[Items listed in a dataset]
lemma funpow_Bsph_expanding:
  fixes M c :: real
  assumes M: "0 < M" and c: "1 < c" and z0: "M \<le> norm z0"
    and expand: "\<And>z. M \<le> norm z \<Longrightarrow> 1 - cnj a * z \<noteq> 0 \<Longrightarrow> c * norm z \<le> norm (Bl a z)"
  shows "case (Bsph a ^^ n) (Some z0) of None \<Rightarrow> True | Some z \<Rightarrow> c ^ n * M \<le> norm z"
proof (induction n)
  case 0
  then show ?case using z0 by simp
next
  case (Suc n)
  show ?case
  proof (cases "(Bsph a ^^ n) (Some z0)")
    case None
    then show ?thesis by simp
  next
    case (Some z)
    with Suc.IH have z: "c ^ n * M \<le> norm z" by simp
    have "M \<le> c ^ n * M" using M c by simp
    show ?thesis
    proof (cases "1 - cnj a * z = 0")
      case True
      then have "Bsph a (Some z) = None" by (simp add: Bsph_def)
      with Some show ?thesis by simp
    next
      case False
      have "c * (c ^ n * M) \<le> c * norm z" using z c by simp
      also have "\<dots> \<le> norm (Bl a z)" using expand False z \<open>M \<le> c ^ n * M\<close> by auto
      finally show ?thesis using Some False by simp
    qed
  qed
qed

lemma basinInf_if_expanding:
  fixes M c :: real
  assumes M: "0 < M" and c: "1 < c" and z0: "M \<le> norm z0"
    and expand: "\<And>z. M \<le> norm z \<Longrightarrow> 1 - cnj a * z \<noteq> 0 \<Longrightarrow> c * norm z \<le> norm (Bl a z)"
  shows "Some z0 \<in> basinInf a"
  unfolding basinInf_def
proof safe
  fix R :: real
  obtain N where N: "R / M < c ^ N" using real_arch_pow[OF c] by blast
  show "\<exists>N. \<forall>n\<ge>N. case (Bsph a ^^ n) (Some z0) of None \<Rightarrow> True | Some z \<Rightarrow> R < norm z"
  proof (intro exI allI impI)
    fix n assume "N \<le> n"
    then have "R / M < c ^ n" using N c power_increasing[of N n c] by linarith
    then have "R < c ^ n * M" using M by (simp add: pos_divide_less_eq)
    then show "case (Bsph a ^^ n) (Some z0) of None \<Rightarrow> True | Some z \<Rightarrow> R < norm z"
      using funpow_Bsph_expanding[OF M c z0 expand, of n] by (auto split: option.split)
  qed
qed

lemma basinInf_preimage:
  assumes "Bsph a w \<in> basinInf a"
  shows "w \<in> basinInf a"
  unfolding basinInf_def
proof safe
  fix R :: real
  obtain N where N: "\<forall>n\<ge>N. case (Bsph a ^^ n) (Bsph a w) of None \<Rightarrow> True | Some z \<Rightarrow> R < norm z"
    using assms unfolding basinInf_def by blast
  show "\<exists>N. \<forall>n\<ge>N. case (Bsph a ^^ n) w of None \<Rightarrow> True | Some z \<Rightarrow> R < norm z"
  proof (intro exI allI impI)
    fix n assume "Suc N \<le> n"
    then obtain m where "n = Suc m" "N \<le> m" by (cases n) auto
    then show "case (Bsph a ^^ n) w of None \<Rightarrow> True | Some z \<Rightarrow> R < norm z"
      using N by (simp add: funpow_Suc_right del: funpow.simps)
  qed
qed

lemma blaschke_norm_identity:
  "(norm (z - a))\<^sup>2 - (norm (1 - cnj a * z))\<^sup>2 = ((norm z)\<^sup>2 - 1) * (1 - (norm a)\<^sup>2)"
  unfolding cmod_power2 by (cases z; cases a) (simp add: power2_eq_square algebra_simps)

lemma Bl_unit_circle:
  assumes z: "norm z = 1" and a: "norm a \<noteq> 1"
  shows "1 - cnj a * z \<noteq> 0" and "norm (Bl a z) = 1"
proof -
  show nz: "1 - cnj a * z \<noteq> 0"
  proof
    assume "1 - cnj a * z = 0"
    then have "norm (cnj a * z) = 1" by simp
    with z a show False by (simp add: norm_mult)
  qed
  have "(norm (z - a))\<^sup>2 = (norm (1 - cnj a * z))\<^sup>2"
    using blaschke_norm_identity[of z a] z by simp
  then have "norm (z - a) = norm (1 - cnj a * z)"
    using power2_eq_imp_eq norm_ge_zero by blast
  with nz z show "norm (Bl a z) = 1"
    by (simp add: norm_Bl)
qed

lemma funpow_Bsph_unit_circle:
  assumes "norm z0 = 1" "norm a \<noteq> 1"
  shows "\<exists>z. (Bsph a ^^ n) (Some z0) = Some z \<and> norm z = 1"
proof (induction n)
  case 0
  then show ?case using assms by simp
next
  case (Suc n)
  then obtain z where "(Bsph a ^^ n) (Some z0) = Some z" "norm z = 1" by blast
  with Bl_unit_circle[OF _ assms(2)] show ?case by simp
qed

lemma unit_circle_not_in_basins:
  assumes "norm z0 = 1" "norm a \<noteq> 1"
  shows "Some z0 \<notin> basin0 a \<union> basinInf a"
proof
  have orbit: "norm (the ((Bsph a ^^ n) (Some z0))) = 1" for n
    using funpow_Bsph_unit_circle[OF assms, of n] by auto
  assume "Some z0 \<in> basin0 a \<union> basinInf a"
  then show False
  proof
    assume "Some z0 \<in> basin0 a"
    then have "(\<lambda>n. the ((Bsph a ^^ n) (Some z0))) \<longlonglongrightarrow> 0"
      unfolding basin0_def by blast
    then have "(\<lambda>n. norm (the ((Bsph a ^^ n) (Some z0)))) \<longlonglongrightarrow> 0"
      by (rule tendsto_norm_zero)
    then show False using orbit by (simp add: LIMSEQ_const_iff)
  next
    assume "Some z0 \<in> basinInf a"
    then obtain N where "\<forall>n\<ge>N. case (Bsph a ^^ n) (Some z0) of None \<Rightarrow> True | Some z \<Rightarrow> 1 < norm z"
      unfolding basinInf_def by blast
    then show False using funpow_Bsph_unit_circle[OF assms, of N] by auto
  qed
qed

lemma norm_Bl_ge_cube:
  assumes "norm a < 1" "1 \<le> norm z" "1 - cnj a * z \<noteq> 0"
  shows "norm z ^ 3 \<le> norm (Bl a z)"
proof -
  have "0 \<le> ((norm z)\<^sup>2 - 1) * (1 - (norm a)\<^sup>2)"
    using assms(1,2) by (intro mult_nonneg_nonneg) (auto simp: one_le_power power_le_one)
  then have "(norm (1 - cnj a * z))\<^sup>2 \<le> (norm (z - a))\<^sup>2"
    using blaschke_norm_identity[of z a] by linarith
  then have "norm (1 - cnj a * z) \<le> norm (z - a)"
    using power2_le_imp_le norm_ge_zero by blast
  then have "1 \<le> norm (z - a) / norm (1 - cnj a * z)"
    using assms(3) by simp
  then have "norm z ^ 3 * 1 \<le> norm z ^ 3 * (norm (z - a) / norm (1 - cnj a * z))"
    by (intro mult_left_mono) auto
  then show ?thesis
    unfolding norm_Bl by simp
qed

lemma basinInf_if_norm_gt_1:
  assumes a: "norm a < 1" and z0: "1 < norm z0"
  shows "Some z0 \<in> basinInf a"
proof (rule basinInf_if_expanding[where M = "norm z0" and c = "norm z0"])
  fix z assume z: "norm z0 \<le> norm z" "1 - cnj a * z \<noteq> 0"
  have "norm z0 * norm z \<le> norm z * norm z * norm z"
    using z z0 by (intro mult_right_mono) (auto intro: order.trans[OF _ mult_left_mono[of 1]])
  also have "\<dots> \<le> norm (Bl a z)"
    using norm_Bl_ge_cube[OF a _ z(2)] z z0 by (simp add: power3_eq_cube)
  finally show "norm z0 * norm z \<le> norm (Bl a z)" .
qed (use z0 in auto)

lemma norm_Bl_ge_double:
  assumes a: "2 \<le> norm a" and z: "2 * norm a \<le> norm z" and pole: "1 - cnj a * z \<noteq> 0"
  shows "2 * norm z \<le> norm (Bl a z)"
proof -
  define s t where "s = norm a" and "t = norm z"
  have s: "2 \<le> s" and t: "2 * s \<le> t" "0 < t" using a z by (auto simp: s_def t_def)
  have num: "t / 2 \<le> norm (z - a)"
    using norm_triangle_ineq2[of z a] s t unfolding s_def t_def by linarith
  have "norm (1 - cnj a * z) \<le> 1 + s * t"
    using norm_triangle_ineq4[of 1 "cnj a * z"] by (simp add: norm_mult s_def t_def)
  also have "\<dots> \<le> 2 * s * t"
    using mult_mono[of 1 s 1 t] s t by simp
  finally have "(t / 2) / (2 * s * t) \<le> norm (z - a) / norm (1 - cnj a * z)"
    using num pole s t by (intro frac_le) auto
  then have quot: "1 / (4 * s) \<le> norm (z - a) / norm (1 - cnj a * z)"
    using t by (simp add: field_simps)
  have "8 * s \<le> 2 * s * (2 * s)"
    using mult_left_mono[OF s, of "4 * s"] s by simp
  also have "\<dots> \<le> t * t"
    using mult_mono[OF t(1) t(1)] s t by simp
  finally have "8 * s \<le> t * t" .
  then have "2 * t \<le> t ^ 3 * (1 / (4 * s))"
    using s t by (simp add: field_simps power3_eq_cube)
  also have "\<dots> \<le> norm (Bl a z)"
    unfolding norm_Bl t_def[symmetric] using quot t by (intro mult_left_mono) auto
  finally show ?thesis by (simp add: t_def)
qed

lemma cplus_eq_real_multiple:
  assumes "0 \<le> ((norm a)\<^sup>2 - 4) * ((norm a)\<^sup>2 - 1)"
  shows "cplus a = a * of_real ((2 + (norm a)\<^sup>2 + sqrt (((norm a)\<^sup>2 - 4) * ((norm a)\<^sup>2 - 1)))
                                / (3 * (norm a)\<^sup>2))"
  using assms unfolding cplus_def sqrtc_def by simp

lemma norm_cplus_gt_1:
  assumes "0 < norm a" "norm a < 1"
  shows "1 < norm (cplus a)"
proof -
  define s where "s = norm a"
  define q where "q = sqrt ((s\<^sup>2 - 4) * (s\<^sup>2 - 1))"
  have s: "0 < s" "s < 1" using assms by (auto simp: s_def)
  have "s\<^sup>2 < 1" using s by (simp add: power_less_one_iff)
  then have X: "0 \<le> (s\<^sup>2 - 4) * (s\<^sup>2 - 1)"
    by (intro mult_nonpos_nonpos) auto
  have q: "0 \<le> q" using X by (simp add: q_def)
  then have "0 \<le> (2 + s\<^sup>2 + q) / (3 * s\<^sup>2)" by (intro divide_nonneg_nonneg) auto
  then have "norm (cplus a) = s * ((2 + s\<^sup>2 + q) / (3 * s\<^sup>2))"
    using cplus_eq_real_multiple[OF X[unfolded s_def]]
    by (simp only: norm_mult norm_of_real abs_of_nonneg s_def q_def)
  also have "\<dots> = (2 + s\<^sup>2 + q) / (3 * s)"
    using s by (simp add: power2_eq_square field_simps)
  finally have norm_eq: "norm (cplus a) = (2 + s\<^sup>2 + q) / (3 * s)" .
  have "0 < (1 - s) * (2 - s)" using s by simp
  then have "3 * s < 2 + s\<^sup>2 + q" using q by (simp add: power2_eq_square algebra_simps)
  with s norm_eq show ?thesis by simp
qed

### WHAT THIS TASK INVOLVES
Begin at the first line of the entries above and copy every line exactly, ending with the line that contains "(simp add: Bsph_def)".

### COMPLETED EXERCISE
lemma funpow_Bsph_expanding:
  fixes M c :: real
  assumes M: "0 < M" and c: "1 < c" and z0: "M \<le> norm z0"
    and expand: "\<And>z. M \<le> norm z \<Longrightarrow> 1 - cnj a * z \<noteq> 0 \<Longrightarrow> c * norm z \<le> norm (Bl a z)"
  shows "case (Bsph a ^^ n) (Some z0) of None \<Rightarrow> True | Some z \<Rightarrow> c ^ n * M \<le> norm z"
proof (induction n)
  case 0
  then show ?case using z0 by simp
next
  case (Suc n)
  show ?case
  proof (cases "(Bsph a ^^ n) (Some z0)")
    case None
    then show ?thesis by simp
  next
    case (Some z)
    with Suc.IH have z: "c ^ n * M \<le> norm z" by simp
    have "M \<le> c ^ n * M" using M c by simp
    show ?thesis
    proof (cases "1 - cnj a * z = 0")
      case True
      then have "Bsph a (Some z) = None" by (simp add: Bsph_def)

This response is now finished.